The women in this process are farmers, beekeepers, and seed custodians. While the older women work on a 15-hectare plot of land near the town centre, the others work on a rented parcel of land. To get there, they have to sail across the San José de Playón reservoir and then walk along one of the foothills of the Montes de María. They grow rice, yams, melon, corn and dozens of other products that they sell and use for their own consumption.
This territory is surrounded by oil palm monoculture and faces a serious problem associated with the availability of water resources, which has been contaminated by large companies and agribusiness, thus impacting the environment and the health of those who live in the region.
- Municipio La Apartada
Around 180 families - many of them displaced from other municipalities - make up the cabildo, maintaining their own government and fighting for autonomy in their territory. The cabildo has achieved the titling of two plots of land where the tambo, an ancestral place where they meet for dialogue and work, is currently located.
For 25 years now, the cabildo has been struggling to obtain state recognition as an indigenous reservation, thus achieving the adjudication of collective land in order to be able to enjoy the territory and carry out their life plan. The presence of illegal armed groups in the area slows down recognition, distancing them from the institutions in the territory and contributing to the stigmatization of those who live there.

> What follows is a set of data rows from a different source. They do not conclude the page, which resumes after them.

theorem lemma5p2:
  fixes n :: nat
  assumes "n > 3"
  shows
   "(\<forall>\<phi>\<in>Der n 1. \<exists>(lam :: nat \<Rightarrow> complex) a b.
        \<phi> (ebas 1) = (\<lambda>j. \<Sum>k\<in>{1..n}. lam k * ebas k j) \<and>
        (\<forall>i\<in>{2..n-1}. \<phi> (ebas i) = (\<lambda>j. \<Sum>k\<in>{i..n-1}. of_nat i * lam (k - i + 1) * ebas k j)) \<and>
        \<phi> (ebas n) = (\<lambda>j. a * ebas (n-1) j + b * ebas n j))
    \<and> dimDer n 1 = n + 2
    \<and> (\<forall>\<phi>\<in>Der n 2. \<exists>(lam :: nat \<Rightarrow> complex) b.
        \<phi> (ebas 1) = (\<lambda>j. \<Sum>k\<in>{2..n}. lam k * ebas k j) \<and>
        (\<forall>i\<in>{2..n-1}. \<phi> (ebas i) = (\<lambda>j. \<Sum>k\<in>{i+1..n-1}. of_nat i * lam (k - i + 1) * ebas k j)) \<and>
        \<phi> (ebas n) = (\<lambda>j. b * ebas n j))
    \<and> dimDer n 2 = n
    \<and> (\<forall>\<phi>\<in>Der n 3. \<exists>(lam :: nat \<Rightarrow> complex) a.
        \<phi> (ebas 1) = (\<lambda>j. \<Sum>k\<in>{1..n}. lam k * ebas k j) \<and>
        (\<forall>i\<in>{2..n-1}. \<phi> (ebas i) = (\<lambda>j. \<Sum>k\<in>{i..n-1}. of_nat i * lam (k - i + 1) * ebas k j)) \<and>
        \<phi> (ebas n) = (\<lambda>j. a * ebas (n-1) j + of_nat (n - 2) * lam 1 * ebas n j))
    \<and> dimDer n 3 = n + 1
    \<and> (\<forall>\<phi>\<in>Der n 4. \<exists>(lam :: nat \<Rightarrow> complex) a.
        \<phi> (ebas 1) = (\<lambda>j. \<Sum>k\<in>{1..n}. lam k * ebas k j) \<and>
        (\<forall>i\<in>{2..n-1}. \<phi> (ebas i) = (\<lambda>j. \<Sum>k\<in>{i..n-1}. of_nat i * lam (k - i + 1) * ebas k j)) \<and>
        \<phi> (ebas n) = (\<lambda>j. - lam n * ebas (n-2) j + a * ebas (n-1) j
                          + (of_nat n - 1) / 2 * lam 1 * ebas n j))
    \<and> dimDer n 4 = n + 1
    \<and> (\<forall>\<phi>\<in>Der n 5. \<exists>(lam :: nat \<Rightarrow> complex) a.
        \<phi> (ebas 1) = (\<lambda>j. \<Sum>k\<in>{2..n}. lam k * ebas k j) \<and>
        (\<forall>i\<in>{2..n-1}. \<phi> (ebas i) = (\<lambda>j. \<Sum>k\<in>{i+1..n-1}. of_nat i * lam (k - i + 1) * ebas k j)) \<and>
        \<phi> (ebas n) = (\<lambda>j. - lam n * ebas (n-2) j + a * ebas (n-1) j))
    \<and> dimDer n 5 = n"
proof -
  have dims: "dimDer n t = card (param_set n t)" if "t \<in> {1..5}" for t
    using dimDer_eq_card_param_set[OF assms that] .
  show ?thesis
    using Der_P11_form[OF assms] Der_P12_form[OF assms] Der_P13_form[OF assms] Der_P14_form[OF assms]
      Der_P15_form[OF assms] dims card_param_set[OF assms] by simp
qed

end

Women's leadership has been crucial for the cabildo, leading fights against various conflicts and issues, including sexual violence against them.
Willet is from Liberia, in west Africa. She works at the Women NGOs Secretariat of Liberia - WONGOSOL.
She believes that achieving gender justice requires not only collaborating with the government and authorities on land issues, but also identifying and partnering with grassroots women's organizations in the territory to advocate for women's land rights.
Miriam is a rural producer and is a member of the organisation Mujeres Libres del Norte Cordobés - MULINEC, in Córdoba, Argentina.
She is confident that dialogue and intergenerational action can make possible further progress in the fight for women's land rights.
"We dream of a world free of violence against women, being recognised in our work in the territory and enjoying autonomy and self-determination in our land with guarantees for a dignified permanence".
The axes of their work agenda are redistribution, access, formalisation and tenure of land, life free from violence, common goods, food sovereignty and working together with the men who are part of their families, organisations and communities.
The Coalition was born out of the local adaptation of the Stand For Her Land campaign, a global initiative that seeks to contribute to the guarantee of rural women's rights and the closing of gaps between existing standards to promote women's land rights and their realisation in practice.